TASK DESCRIPTION: Below are records; copy every line in them that holds the word "dots".

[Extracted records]
BEGIN

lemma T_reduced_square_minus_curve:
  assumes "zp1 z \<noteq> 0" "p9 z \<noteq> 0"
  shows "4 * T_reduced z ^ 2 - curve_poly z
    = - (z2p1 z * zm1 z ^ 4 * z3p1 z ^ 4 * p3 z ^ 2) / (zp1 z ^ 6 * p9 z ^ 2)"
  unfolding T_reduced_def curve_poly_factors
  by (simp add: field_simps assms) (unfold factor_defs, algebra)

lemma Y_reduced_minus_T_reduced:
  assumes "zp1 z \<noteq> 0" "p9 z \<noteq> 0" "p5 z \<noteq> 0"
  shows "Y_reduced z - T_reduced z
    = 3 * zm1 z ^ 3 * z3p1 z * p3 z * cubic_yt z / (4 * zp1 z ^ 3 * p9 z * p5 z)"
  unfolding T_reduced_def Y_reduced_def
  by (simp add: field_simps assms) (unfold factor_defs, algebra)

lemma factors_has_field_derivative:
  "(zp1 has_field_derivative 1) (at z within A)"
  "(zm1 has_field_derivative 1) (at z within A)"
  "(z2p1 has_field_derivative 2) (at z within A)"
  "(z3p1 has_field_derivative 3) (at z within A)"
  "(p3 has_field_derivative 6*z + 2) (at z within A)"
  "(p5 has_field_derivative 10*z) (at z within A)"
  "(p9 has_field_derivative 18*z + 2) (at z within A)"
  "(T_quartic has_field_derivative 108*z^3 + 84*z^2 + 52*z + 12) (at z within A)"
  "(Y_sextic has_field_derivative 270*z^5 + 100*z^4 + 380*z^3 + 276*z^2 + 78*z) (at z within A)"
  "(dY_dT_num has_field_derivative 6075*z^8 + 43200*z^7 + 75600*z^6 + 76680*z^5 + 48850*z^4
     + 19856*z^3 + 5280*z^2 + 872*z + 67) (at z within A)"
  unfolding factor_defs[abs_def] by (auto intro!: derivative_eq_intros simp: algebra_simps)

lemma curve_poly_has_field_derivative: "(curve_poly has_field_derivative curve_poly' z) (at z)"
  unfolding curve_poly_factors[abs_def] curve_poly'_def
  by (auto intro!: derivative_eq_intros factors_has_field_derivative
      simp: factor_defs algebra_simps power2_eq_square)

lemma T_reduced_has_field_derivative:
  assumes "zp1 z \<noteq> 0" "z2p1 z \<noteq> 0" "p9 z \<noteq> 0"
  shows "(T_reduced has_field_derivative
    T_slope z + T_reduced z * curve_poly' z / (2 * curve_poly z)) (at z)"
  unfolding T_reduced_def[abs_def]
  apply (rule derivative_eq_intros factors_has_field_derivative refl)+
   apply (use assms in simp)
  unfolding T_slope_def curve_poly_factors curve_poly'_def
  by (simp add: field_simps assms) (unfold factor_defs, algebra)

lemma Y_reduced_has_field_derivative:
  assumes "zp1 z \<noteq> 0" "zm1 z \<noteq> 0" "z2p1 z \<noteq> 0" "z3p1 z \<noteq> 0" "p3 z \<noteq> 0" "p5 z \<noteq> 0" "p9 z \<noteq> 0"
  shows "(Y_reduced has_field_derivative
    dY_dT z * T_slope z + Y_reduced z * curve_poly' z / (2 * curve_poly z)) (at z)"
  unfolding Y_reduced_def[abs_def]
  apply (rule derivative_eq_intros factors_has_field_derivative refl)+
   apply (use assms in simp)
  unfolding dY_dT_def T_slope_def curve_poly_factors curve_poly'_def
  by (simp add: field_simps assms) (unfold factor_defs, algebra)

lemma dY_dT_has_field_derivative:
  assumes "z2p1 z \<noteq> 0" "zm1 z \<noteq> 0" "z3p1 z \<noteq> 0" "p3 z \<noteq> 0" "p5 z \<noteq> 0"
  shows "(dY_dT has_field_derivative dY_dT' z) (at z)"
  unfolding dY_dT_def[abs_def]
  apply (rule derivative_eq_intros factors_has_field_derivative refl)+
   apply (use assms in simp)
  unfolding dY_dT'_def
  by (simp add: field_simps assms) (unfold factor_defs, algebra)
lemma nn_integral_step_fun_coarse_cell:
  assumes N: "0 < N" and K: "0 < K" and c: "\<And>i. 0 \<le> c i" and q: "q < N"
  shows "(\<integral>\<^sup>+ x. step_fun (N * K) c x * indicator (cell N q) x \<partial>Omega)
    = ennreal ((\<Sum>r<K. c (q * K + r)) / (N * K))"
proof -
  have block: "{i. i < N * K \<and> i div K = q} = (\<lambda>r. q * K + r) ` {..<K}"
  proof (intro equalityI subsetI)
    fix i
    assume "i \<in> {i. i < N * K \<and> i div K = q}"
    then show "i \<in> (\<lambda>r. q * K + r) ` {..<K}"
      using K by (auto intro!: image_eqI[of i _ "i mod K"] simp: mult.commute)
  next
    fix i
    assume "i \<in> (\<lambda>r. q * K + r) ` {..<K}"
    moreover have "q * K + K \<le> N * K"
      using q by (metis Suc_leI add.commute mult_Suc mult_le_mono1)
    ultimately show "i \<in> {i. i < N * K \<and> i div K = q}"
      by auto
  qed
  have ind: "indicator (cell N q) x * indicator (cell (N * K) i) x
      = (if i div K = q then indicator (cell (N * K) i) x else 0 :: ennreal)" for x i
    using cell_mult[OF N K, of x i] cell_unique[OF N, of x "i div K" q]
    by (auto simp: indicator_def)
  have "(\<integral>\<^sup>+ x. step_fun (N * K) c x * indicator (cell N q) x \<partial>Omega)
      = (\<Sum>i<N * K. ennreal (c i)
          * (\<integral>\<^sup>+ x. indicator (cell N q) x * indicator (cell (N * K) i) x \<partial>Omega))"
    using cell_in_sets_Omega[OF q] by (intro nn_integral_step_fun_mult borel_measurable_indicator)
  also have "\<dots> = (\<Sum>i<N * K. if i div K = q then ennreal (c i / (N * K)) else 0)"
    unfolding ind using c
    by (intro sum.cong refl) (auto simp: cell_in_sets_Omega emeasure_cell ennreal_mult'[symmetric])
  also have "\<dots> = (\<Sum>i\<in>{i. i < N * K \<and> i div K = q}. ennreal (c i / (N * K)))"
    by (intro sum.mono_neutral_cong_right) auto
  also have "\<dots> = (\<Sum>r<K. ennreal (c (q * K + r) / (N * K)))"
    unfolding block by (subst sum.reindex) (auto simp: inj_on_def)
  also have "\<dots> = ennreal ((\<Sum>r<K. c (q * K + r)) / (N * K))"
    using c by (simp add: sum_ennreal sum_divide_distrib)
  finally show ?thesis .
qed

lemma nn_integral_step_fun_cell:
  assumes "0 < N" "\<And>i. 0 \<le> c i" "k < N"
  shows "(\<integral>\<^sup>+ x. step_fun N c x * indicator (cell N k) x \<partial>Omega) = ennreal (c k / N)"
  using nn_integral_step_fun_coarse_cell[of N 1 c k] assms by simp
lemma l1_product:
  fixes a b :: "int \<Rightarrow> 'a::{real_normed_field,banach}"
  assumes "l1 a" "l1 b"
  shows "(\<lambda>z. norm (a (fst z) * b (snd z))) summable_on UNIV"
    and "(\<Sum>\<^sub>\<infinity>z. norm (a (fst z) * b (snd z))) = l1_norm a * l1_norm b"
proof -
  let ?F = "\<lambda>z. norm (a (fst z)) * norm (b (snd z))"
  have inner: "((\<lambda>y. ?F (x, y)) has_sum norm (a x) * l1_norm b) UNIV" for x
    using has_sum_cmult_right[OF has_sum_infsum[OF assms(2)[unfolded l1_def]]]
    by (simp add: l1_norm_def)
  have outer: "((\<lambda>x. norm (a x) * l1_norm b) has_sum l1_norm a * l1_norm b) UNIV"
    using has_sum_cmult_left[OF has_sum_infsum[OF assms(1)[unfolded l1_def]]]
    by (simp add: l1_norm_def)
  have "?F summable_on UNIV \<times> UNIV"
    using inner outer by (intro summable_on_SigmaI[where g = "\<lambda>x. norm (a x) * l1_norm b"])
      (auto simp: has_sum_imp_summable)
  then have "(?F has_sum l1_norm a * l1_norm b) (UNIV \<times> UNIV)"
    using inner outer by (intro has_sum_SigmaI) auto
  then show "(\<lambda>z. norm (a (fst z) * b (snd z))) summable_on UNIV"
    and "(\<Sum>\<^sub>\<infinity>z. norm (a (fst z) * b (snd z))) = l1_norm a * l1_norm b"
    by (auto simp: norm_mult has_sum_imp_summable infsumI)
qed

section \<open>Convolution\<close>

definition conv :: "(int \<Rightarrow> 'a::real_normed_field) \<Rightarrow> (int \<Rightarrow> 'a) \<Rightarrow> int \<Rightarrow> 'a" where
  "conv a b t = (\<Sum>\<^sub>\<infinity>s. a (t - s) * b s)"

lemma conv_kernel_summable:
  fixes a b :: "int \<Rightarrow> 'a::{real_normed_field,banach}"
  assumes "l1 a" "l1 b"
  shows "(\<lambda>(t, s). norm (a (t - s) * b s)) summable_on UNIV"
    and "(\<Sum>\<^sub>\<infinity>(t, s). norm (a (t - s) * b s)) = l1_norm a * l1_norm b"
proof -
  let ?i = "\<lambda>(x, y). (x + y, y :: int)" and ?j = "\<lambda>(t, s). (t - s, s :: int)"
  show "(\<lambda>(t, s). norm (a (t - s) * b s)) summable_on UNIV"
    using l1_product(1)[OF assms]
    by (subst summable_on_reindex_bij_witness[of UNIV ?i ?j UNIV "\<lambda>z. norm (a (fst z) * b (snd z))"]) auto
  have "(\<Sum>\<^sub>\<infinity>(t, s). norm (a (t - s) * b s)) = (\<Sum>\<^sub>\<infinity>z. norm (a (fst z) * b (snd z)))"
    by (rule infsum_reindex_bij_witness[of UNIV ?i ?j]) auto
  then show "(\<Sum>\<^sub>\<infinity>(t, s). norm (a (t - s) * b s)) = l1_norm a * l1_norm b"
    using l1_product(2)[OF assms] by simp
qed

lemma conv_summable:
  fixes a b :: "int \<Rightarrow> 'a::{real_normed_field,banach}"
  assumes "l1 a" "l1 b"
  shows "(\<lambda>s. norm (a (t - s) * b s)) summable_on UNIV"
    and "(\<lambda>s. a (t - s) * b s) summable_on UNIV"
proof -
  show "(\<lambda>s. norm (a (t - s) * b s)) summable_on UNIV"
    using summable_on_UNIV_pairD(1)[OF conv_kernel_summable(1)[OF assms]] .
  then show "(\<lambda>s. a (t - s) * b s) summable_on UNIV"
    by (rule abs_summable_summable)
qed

END

ANSWER BOX:
  also have "\<dots> = (\<Sum>i<N * K. if i div K = q then ennreal (c i / (N * K)) else 0)"
  also have "\<dots> = (\<Sum>i\<in>{i. i < N * K \<and> i div K = q}. ennreal (c i / (N * K)))"
  also have "\<dots> = (\<Sum>r<K. ennreal (c (q * K + r) / (N * K)))"
  also have "\<dots> = ennreal ((\<Sum>r<K. c (q * K + r)) / (N * K))"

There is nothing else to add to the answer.